Nwm client IndexError: invalid index to scalar variable.
Closed this issue · 6 comments
Justin Hunter reported an issue when trying to retrieve a short range forecast using the nwm_client
's gcp.NWMDataService
. I verified that I can reproduce the issue locally.
Reproduce
pip install "hydrotools.nwm_client[gcp]"
pip list | grep nwm
hydrotools.nwm-client 5.0.1
from hydrotools.nwm_client import gcp
service = gcp.NWMDataService()
df = service.get(configuration="short_range", reference_time="20210101T01Z")
concurrent.futures.process._RemoteTraceback:
"""
Traceback (most recent call last):
File "/usr/local/Caskroom/miniconda/base/envs/venv/lib/python3.8/concurrent/futures/process.py", line 239, in _process_worker
r = call_item.fn(*call_item.args, **call_item.kwargs)
File "/usr/local/Caskroom/miniconda/base/envs/venv/lib/python3.8/concurrent/futures/process.py", line 198, in _process_chunk
return [fn(*args) for args in chunk]
File "/usr/local/Caskroom/miniconda/base/envs/venv/lib/python3.8/concurrent/futures/process.py", line 198, in <listcomp>
return [fn(*args) for args in chunk]
File "~/github/sandbox/test/venv/lib/python3.8/site-packages/hydrotools/nwm_client/gcp.py", line 274, in get_DataFrame
scale_factor = ds['streamflow'].scale_factor[0]
IndexError: invalid index to scalar variable.
"""
The above exception was the direct cause of the following exception:
Traceback (most recent call last):
File "<stdin>", line 1, in <module>
File "~/github/sandbox/test/venv/lib/python3.8/site-packages/hydrotools/nwm_client/gcp.py", line 429, in get
return cache.get(
File "~/github/sandbox/test/venv/lib/python3.8/site-packages/hydrotools/caches/hdf.py", line 93, in get
df = function(*args, **kwargs)
File "~/github/sandbox/test/venv/lib/python3.8/site-packages/hydrotools/nwm_client/gcp.py", line 353, in get_cycle
df = pd.concat(dataframes)
File "~/github/sandbox/test/venv/lib/python3.8/site-packages/pandas/util/_decorators.py", line 311, in wrapper
return func(*args, **kwargs)
File "~/github/sandbox/test/venv/lib/python3.8/site-packages/pandas/core/reshape/concat.py", line 346, in concat
op = _Concatenator(
File "~/github/sandbox/test/venv/lib/python3.8/site-packages/pandas/core/reshape/concat.py", line 400, in __init__
objs = list(objs)
File "/usr/local/Caskroom/miniconda/base/envs/venv/lib/python3.8/concurrent/futures/process.py", line 484, in _chain_from_iterable_of_lists
for element in iterable:
File "/usr/local/Caskroom/miniconda/base/envs/venv/lib/python3.8/concurrent/futures/_base.py", line 619, in result_iterator
yield fs.pop().result()
File "/usr/local/Caskroom/miniconda/base/envs/venv/lib/python3.8/concurrent/futures/_base.py", line 437, in result
return self.__get_result()
File "/usr/local/Caskroom/miniconda/base/envs/venv/lib/python3.8/concurrent/futures/_base.py", line 389, in __get_result
raise self._exception
IndexError: invalid index to scalar variable.

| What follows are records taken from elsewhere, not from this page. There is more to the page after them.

lemma nilpotent_pair_conjugate_square_zero:
  assumes A: "(A :: 'a :: field mat) \<in> carrier_mat n n" and B: "B \<in> carrier_mat n n"
    and nilA: "nilpotent_mat A" and nilB: "nilpotent_mat B" and k: "2 * k \<le> n"
  shows "\<exists>C P Pinv. C \<in> carrier_mat n n \<and> C * C = 0\<^sub>m n n \<and> vec_space.rank n C = k \<and>
    P \<in> carrier_mat n n \<and> Pinv \<in> carrier_mat n n \<and> P * Pinv = 1\<^sub>m n \<and> Pinv * P = 1\<^sub>m n \<and>
    A * C = C * A \<and> (P * C * Pinv) * B = B * (P * C * Pinv)"
proof -
  from nilpotent_commuting_square_zero[OF A nilA k] obtain C where C: "C \<in> carrier_mat n n"
    and AC: "A * C = C * A" and CC: "C * C = 0\<^sub>m n n" and rkC: "vec_space.rank n C = k" by blast
  from nilpotent_commuting_square_zero[OF B nilB k] obtain D where D: "D \<in> carrier_mat n n"
    and BD: "B * D = D * B" and DD: "D * D = 0\<^sub>m n n" and rkD: "vec_space.rank n D = k" by blast
  have "kernel.dim n D = kernel.dim n C"
    using rank_plus_kernel_dim[OF C] rank_plus_kernel_dim[OF D] rkC rkD by simp
  from square_zero_similar[OF D DD C CC this] obtain P Q where "similar_mat_wit D C P Q"
    unfolding similar_mat_def by blast
  from similar_mat_witD2[OF D this] have "P \<in> carrier_mat n n" "Q \<in> carrier_mat n n"
    "P * Q = 1\<^sub>m n" "Q * P = 1\<^sub>m n" "D = P * C * Q" by auto
  thus ?thesis using C CC rkC AC BD by (intro exI[of _ C] exI[of _ P] exI[of _ Q]) auto
qed

theorem corollary2p5:
  fixes n :: nat
  shows
   "(\<forall>(A :: 'a :: {alg_closed_field, field_char_0} mat) k.
        A \<in> carrier_mat n n \<longrightarrow> nilpotent_mat A \<longrightarrow> 2 * k \<le> n \<longrightarrow>
        (\<exists>B. B \<in> carrier_mat n n \<and> A * B = B * A \<and> B * B = 0\<^sub>m n n \<and>
             vec_space.rank n B = k))
    \<and>
    (\<forall>(A :: 'a mat) B k.
        A \<in> carrier_mat n n \<longrightarrow> B \<in> carrier_mat n n \<longrightarrow>
        nilpotent_mat A \<longrightarrow> nilpotent_mat B \<longrightarrow> 2 * k \<le> n \<longrightarrow>
        (\<exists>C P Pinv. C \<in> carrier_mat n n \<and> C * C = 0\<^sub>m n n \<and> vec_space.rank n C = k \<and>
             P \<in> carrier_mat n n \<and> Pinv \<in> carrier_mat n n \<and>
             P * Pinv = 1\<^sub>m n \<and> Pinv * P = 1\<^sub>m n \<and>
             A * C = C * A \<and> (P * C * Pinv) * B = B * (P * C * Pinv)))"
  by (intro conjI allI impI nilpotent_commuting_square_zero nilpotent_pair_conjugate_square_zero; assumption)

end
lemma Pol_P2_constants:
  assumes "f \<in> Pol P2_V P2_E k"
  shows "f (replicate k False) = False \<and> f (replicate k True) = True"
proof -
  have "replicate k False \<in> tuples P2_V k" "replicate k True \<in> tuples P2_V k"
    by (auto simp: tuples_def P2_V_def)
  moreover have "\<forall>i<k. (replicate k False ! i, replicate k True ! i) \<in> P2_E"
    by (simp add: P2_E_def)
  ultimately have "(f (replicate k False), f (replicate k True)) \<in> P2_E"
    using assms unfolding Pol_def by blast
  then show ?thesis by (simp add: P2_E_def)
qed

definition threshold_lift :: "nat \<Rightarrow> (bool list \<Rightarrow> bool) \<Rightarrow> nat list \<Rightarrow> nat" where
  "threshold_lift K f xs = (\<Sum>t<K. of_bool (f (map (\<lambda>x. t < x) xs)))"

lemma threshold_lift_le: "threshold_lift K f xs \<le> K"
proof -
  have "threshold_lift K f xs \<le> (\<Sum>t<K. 1)"
    unfolding threshold_lift_def by (rule sum_mono) simp
  then show ?thesis by simp
qed

lemma threshold_lift_Suc_map_Suc:
  assumes "f (replicate (length xs) True)"
  shows "threshold_lift (Suc K) f (map Suc xs) = Suc (threshold_lift K f xs)"
  using assms unfolding threshold_lift_def sum.lessThan_Suc_shift
  by (simp add: map_replicate_const comp_def del: sum_of_bool_eq)
lemma orthogonal_set_perp_span_Un:
  assumes S: "orthogonal_set S" "x \<in> S" and perp_ST: "\<And>a. a \<in> span S \<Longrightarrow> perp a (span T)"
  shows "perp x (span (S \<union> T - {x}))"
  unfolding perp_def
proof
  fix w assume "w \<in> span (S \<union> T - {x})"
  then have "w \<in> span ((S - {x}) \<union> T)"
    using span_mono[of "S \<union> T - {x}" "(S - {x}) \<union> T"] by blast
  then obtain a b where w: "w = a + b" "a \<in> span (S - {x})" "b \<in> span T"
    unfolding span_Un by blast
  have "l x \<le> l (x + a)"
    using S w(2) unfolding orthogonal_set_def perp_def by blast
  also have "\<dots> \<le> l (x + a + b)"
    using perp_ST[of "x + a"] S(2) w(2,3) span_mono[of "S - {x}" S]
    unfolding perp_def by (blast intro: span_add span_base)
  finally show "l x \<le> l (x + w)"
    using w(1) by (simp add: ac_simps)
qed

lemma orthogonal_set_Un:
  assumes S: "orthogonal_set S" and T: "orthogonal_set T"
    and perp_TS: "\<And>b. b \<in> span T \<Longrightarrow> perp b (span S)"
  shows "orthogonal_set (S \<union> T)"
  unfolding orthogonal_set_def
proof
  fix x assume "x \<in> S \<union> T"
  then show "x \<noteq> 0 \<and> perp x (span (S \<union> T - {x}))"
  proof
    assume "x \<in> S"
    then show ?thesis
      using S orthogonal_set_perp_span_Un perp_span_commute[OF perp_TS]
      unfolding orthogonal_set_def by blast
  next
    assume "x \<in> T"
    then have "perp x (span (T \<union> S - {x}))"
      using T perp_TS by (intro orthogonal_set_perp_span_Un)
    then show ?thesis
      using T \<open>x \<in> T\<close> unfolding orthogonal_set_def by (simp add: Un_commute)
  qed
qed

lemma orthogonal_set_insert:
  assumes "orthogonal_set S" "y \<noteq> 0" "perp y (span S)"
  shows "orthogonal_set (insert y S)"
proof -
  have "orthogonal_set {y}"
    using assms(2) by (simp add: orthogonal_set_def perp_def)
  moreover have "perp b (span S)" if "b \<in> span {y}" for b
    using that assms(3) perp_scale[OF subspace_span] by (auto simp: span_singleton)
  ultimately have "orthogonal_set (S \<union> {y})"
    by (rule orthogonal_set_Un[OF assms(1)])
  then show ?thesis
    by simp
qed

lemma orthogonal_set_Union_chain:
  assumes "subset.chain X C" "\<And>S. S \<in> C \<Longrightarrow> orthogonal_set S"
  shows "orthogonal_set (\<Union>C)"
  unfolding orthogonal_set_def perp_def
proof (intro ballI conjI)
  fix s w assume s: "s \<in> \<Union>C" and w: "w \<in> span (\<Union>C - {s})"
  from w obtain T where T: "finite T" "T \<subseteq> \<Union>C - {s}" "w \<in> span T"
    by (rule span_finite_subset)
  then obtain S where S: "S \<in> C" "insert s T \<subseteq> S"
    using finite_subset_Union_chain[OF _ _ _ assms(1), of "insert s T"] s by blast
  then have "w \<in> span (S - {s})"
    using T span_mono[of T "S - {s}"] by blast
  then show "l s \<le> l (s + w)"
    using assms(2)[OF S(1)] S(2) unfolding orthogonal_set_def perp_def by blast
next
  fix s assume "s \<in> \<Union>C"
  then show "s \<noteq> 0"
    using assms(2) unfolding orthogonal_set_def by blast
qed

lemma perp_span_insert:
  assumes "\<And>a. a \<in> span Y \<Longrightarrow> perp a M" and y: "perp y (span (Y \<union> M))"
    and a: "a \<in> span (insert y Y)"
  shows "perp a M"
  unfolding perp_def
proof
  fix z assume "z \<in> M"
  obtain c where a': "a - c *s y \<in> span Y"
    using a span_breakdown_eq by blast
  define a' where "a' = a - c *s y"
  have cy: "perp (c *s y) (span (Y \<union> M))"
    using perp_scale[OF subspace_span y] .
  have a'_in: "a' \<in> span (Y \<union> M)" and a'z_in: "a' + z \<in> span (Y \<union> M)"
    using a' \<open>z \<in> M\<close> span_mono[of Y "Y \<union> M"] span_base[of z "Y \<union> M"]
    unfolding a'_def by (auto intro: span_add)
  have "a = c *s y + a'" "a + z = c *s y + (a' + z)"
    unfolding a'_def by simp_all
  then have "l a = max (l (c *s y)) (l a')" "l (a + z) = max (l (c *s y)) (l (a' + z))"
    using perp_add_eq_max[OF cy a'_in] perp_add_eq_max[OF cy a'z_in] by (simp_all only:)
  moreover have "l a' \<le> l (a' + z)"
    using assms(1) a' \<open>z \<in> M\<close> unfolding a'_def perp_def by blast
  ultimately show "l a \<le> l (a + z)"
    by (auto simp: max_def)
qed

definition independent_mod :: "'v set \<Rightarrow> 'v set \<Rightarrow> bool" where
  "independent_mod W U \<longleftrightarrow>
     (\<forall>F c. finite F \<longrightarrow> F \<subseteq> U \<longrightarrow> (\<Sum>u\<in>F. c u *s u) \<in> W \<longrightarrow> (\<forall>u\<in>F. c u = 0))"

lemma independent_mod_disjoint: "independent_mod W U \<Longrightarrow> U \<inter> W = {}"
  unfolding independent_mod_def by (force dest: spec[of _ "{_}"] spec[of _ "\<lambda>_. 1"])
lemma m_A: "m A = 3/4"
proof -
  define M0 where "M0 = distr (measure_pmf (pmf_of_set {1/3, 2/3 :: real})) borel (\<lambda>x. x)"
  have "T_invariant_prob M0"
    unfolding M0_def by (rule T_invariant_prob_uniform_orbit) (auto simp: T_one_third T_two_thirds)
  moreover have "integral\<^sup>L M0 A = 3/4"
    unfolding M0_def using continuous_A[of UNIV]
    by (simp add: integral_distr integral_pmf_of_set borel_measurable_continuous_onI A_one_third A_two_thirds)
  moreover have "integral\<^sup>L M A \<le> 3/4" if "T_invariant_prob M" for M
  proof (rule T_invariant_integral_le_coboundary[OF that])
    show "A \<in> borel_measurable borel" "(\<lambda>x. cos (4 * pi * x) / 6) \<in> borel_measurable borel"
      using continuous_A[of UNIV] by (auto intro!: borel_measurable_continuous_onI continuous_intros)
    show "\<bar>A x\<bar> \<le> 1" "\<bar>cos (4 * pi * x) / 6\<bar> \<le> 1" for x
      unfolding A_def by (auto simp: abs_square_le_1 abs_cos_le_one[THEN order_trans])
  qed (rule A_le_coboundary)
  ultimately show ?thesis
    unfolding m_def by (intro cSup_eq_maximum) auto
qed

lemma eta_iter: "(eta ^^ i) x = 2/3 + (x - 2/3) / 4 ^ i"
  by (induction i) (auto simp: eta_def field_simps)

lemma eta_iter_reflect: "(eta ^^ i) (2 - 2 * x) = 2 - 2 * (eta ^^ i) x"
  unfolding eta_iter by (simp add: field_simps)

lemma eta_iter_tendsto: "(\<lambda>i. (eta ^^ i) x) \<longlonglongrightarrow> 2/3"
proof -
  have "(\<lambda>i. (x - 2/3) * (1/4) ^ i) \<longlonglongrightarrow> (x - 2/3) * 0"
    by (intro tendsto_mult_left LIMSEQ_power_zero) simp
  then have "(\<lambda>i. 2/3 + (x - 2/3) * (1/4) ^ i) \<longlonglongrightarrow> 2/3 + 0"
    by (intro tendsto_add tendsto_const) simp
  then show ?thesis
    by (simp add: eta_iter power_divide)
qed

lemma F_eq_A_eta: "F x = A (x / 2) + A (eta x)"
  unfolding F_def eta_def ..

lemma F_two_thirds: "F (2/3) = 2 * m_hat"
  unfolding F_def m_hat_def by simp

lemma F_lipschitz: "\<bar>F u - F v\<bar> \<le> 3/2 * pi * \<bar>u - v\<bar>"
proof -
  have "\<bar>F u - F v\<bar> \<le> \<bar>A (u/2) - A (v/2)\<bar> + \<bar>A (u/4 + 1/2) - A (v/4 + 1/2)\<bar>"
    unfolding F_def by linarith
  also have "\<dots> \<le> 2 * pi * \<bar>u/2 - v/2\<bar> + 2 * pi * \<bar>(u/4 + 1/2) - (v/4 + 1/2)\<bar>"
    by (intro add_mono A_lipschitz)
  also have "\<dots> = 3/2 * pi * \<bar>u - v\<bar>"
    by (simp add: abs_divide flip: diff_divide_distrib)
  finally show ?thesis .
qed

lemma V2_term_bound: "\<bar>F ((eta ^^ i) x) - 2 * m_hat\<bar> \<le> 6 * \<bar>x - 2/3\<bar> * (1/4) ^ i"
proof -
  have "\<bar>F ((eta ^^ i) x) - 2 * m_hat\<bar> \<le> 3/2 * pi * \<bar>(eta ^^ i) x - 2/3\<bar>"
    using F_lipschitz[of _ "2/3"] by (simp add: F_two_thirds)
  also have "\<dots> = 3/2 * pi * (\<bar>x - 2/3\<bar> * (1/4) ^ i)"
    by (simp add: eta_iter abs_divide power_divide)
  also have "\<dots> \<le> 6 * (\<bar>x - 2/3\<bar> * (1/4) ^ i)"
    using pi_less_4 by (intro mult_right_mono) auto
  finally show ?thesis by simp
qed

lemma V2_sums: "(\<lambda>i. F ((eta ^^ i) x) - 2 * m_hat) sums V2 x"
proof -
  have "summable (\<lambda>i. F ((eta ^^ i) x) - 2 * m_hat)"
    by (rule summable_comparison_test[OF _ summable_mult[OF summable_geometric]])
       (use V2_term_bound in auto)
  moreover from this have "V2 x = (\<Sum>i. F ((eta ^^ i) x) - 2 * m_hat)"
    unfolding V2_def by (intro limI summable_LIMSEQ)
  ultimately show ?thesis
    by (simp add: summable_sums)
qed

lemma continuous_on_V2: "continuous_on {0..1} V2"
proof -
  have "uniform_limit {0..1} (\<lambda>n x. \<Sum>i<n. F ((eta ^^ i) x) - 2 * m_hat)
          (\<lambda>x. \<Sum>i. F ((eta ^^ i) x) - 2 * m_hat) sequentially"
  proof (rule Weierstrass_m_test)
    fix i :: nat and x :: real
    assume "x \<in> {0..1}"
    then have "6 * \<bar>x - 2/3\<bar> * (1/4) ^ i \<le> 6 * (1/4::real) ^ i"
      by (intro mult_right_mono) auto
    then show "norm (F ((eta ^^ i) x) - 2 * m_hat) \<le> 6 * (1/4) ^ i"
      using V2_term_bound[of i x] by (simp only: real_norm_def)
  qed (intro summable_mult summable_geometric, simp)
  moreover have "continuous_on {0..1} (\<lambda>x. F ((eta ^^ i) x))" for i
    unfolding F_def eta_iter by (intro continuous_intros continuous_on_compose2[OF continuous_A]) auto
  ultimately have "continuous_on {0..1} (\<lambda>x. \<Sum>i. F ((eta ^^ i) x) - 2 * m_hat)"
    by (intro uniform_limit_theorem) (auto intro!: always_eventually continuous_intros)
  then show ?thesis
    using V2_sums sums_unique by (metis (no_types, lifting) continuous_on_cong)
qed

lemma V2_shift: "V2 x = F x - 2 * m_hat + V2 (eta x)"
proof -
  have "(\<lambda>i. F ((eta ^^ Suc i) x) - 2 * m_hat) sums V2 (eta x)"
    using V2_sums[of "eta x"] by (simp only: funpow_Suc_right o_apply)
  then have "(\<lambda>i. F ((eta ^^ i) x) - 2 * m_hat) sums (V2 (eta x) + (F x - 2 * m_hat))"
    by (subst (asm) sums_Suc_iff) simp
  then show ?thesis
    using V2_sums sums_unique2 by fastforce
qed

lemma F_reflect: "F (2 - 2 * w) = A w + A (w / 2)"
proof -
  have "(2 - 2 * w) / 2 = 1 - w" and "(2 - 2 * w) / 4 + 1 / 2 = 1 - w / 2"
    by (simp_all add: field_simps)
  then show ?thesis
    unfolding F_def by (simp only: A_reflect)
qed

(* F (2 - 2 w) - F w = A w - A (eta w) and eta commutes with w |-> 2 - 2 w, so the difference of
   the two series telescopes. *)
lemma V2_reflect: "V2 (2 - 2 * w) = V2 w + A w - m_hat"
proof -
  let ?w = "\<lambda>i. (eta ^^ i) w"
  have "(\<lambda>i. (F ((eta ^^ i) (2 - 2 * w)) - 2 * m_hat) - (F (?w i) - 2 * m_hat))
          sums (V2 (2 - 2 * w) - V2 w)"
    by (intro sums_diff V2_sums)
  moreover have "F ((eta ^^ i) (2 - 2 * w)) - 2 * m_hat - (F (?w i) - 2 * m_hat)
      = A (?w i) - A (?w (Suc i))" for i
    unfolding eta_iter_reflect F_reflect by (simp add: F_eq_A_eta)
  moreover have "(\<lambda>i. A (?w i) - A (?w (Suc i))) sums (A w - A (2/3))"
    using telescope_sums'[OF continuous_on_tendsto_compose[OF continuous_A[of UNIV] eta_iter_tendsto]]
    by simp
  ultimately have "V2 (2 - 2 * w) - V2 w = A w - A (2/3)"
    using sums_unique2 by force
  then show ?thesis
    unfolding m_hat_eq A_two_thirds by simp
qed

From the stack trace, it appears that the metadata field, scaling_factor
, for the streamflow
variables in one of the NWM's channel_rt output files is not being deserialized as a collection (list, etc.) and instead is just a scalar variable (int, float, etc.). This may have been caused by a downstream change to a dependency (xarray, h5netcdf).
I was able to resolve this issue by removing the index in the scale_factor
object.
line 274 python/nwm_client/src/hydrotools/nwm_client/gcp.py
# Extract scale factor
scale_factor = ds['streamflow'].scale_factor[0]
# fixed with
scale_factor = ds['streamflow'].scale_factor
I am assuming that the metadata layout of NWM channel route link files is pretty static over time as we've not seen this issue before. I assume this is a deserialization issue propagating from, if I had to guess, xarray.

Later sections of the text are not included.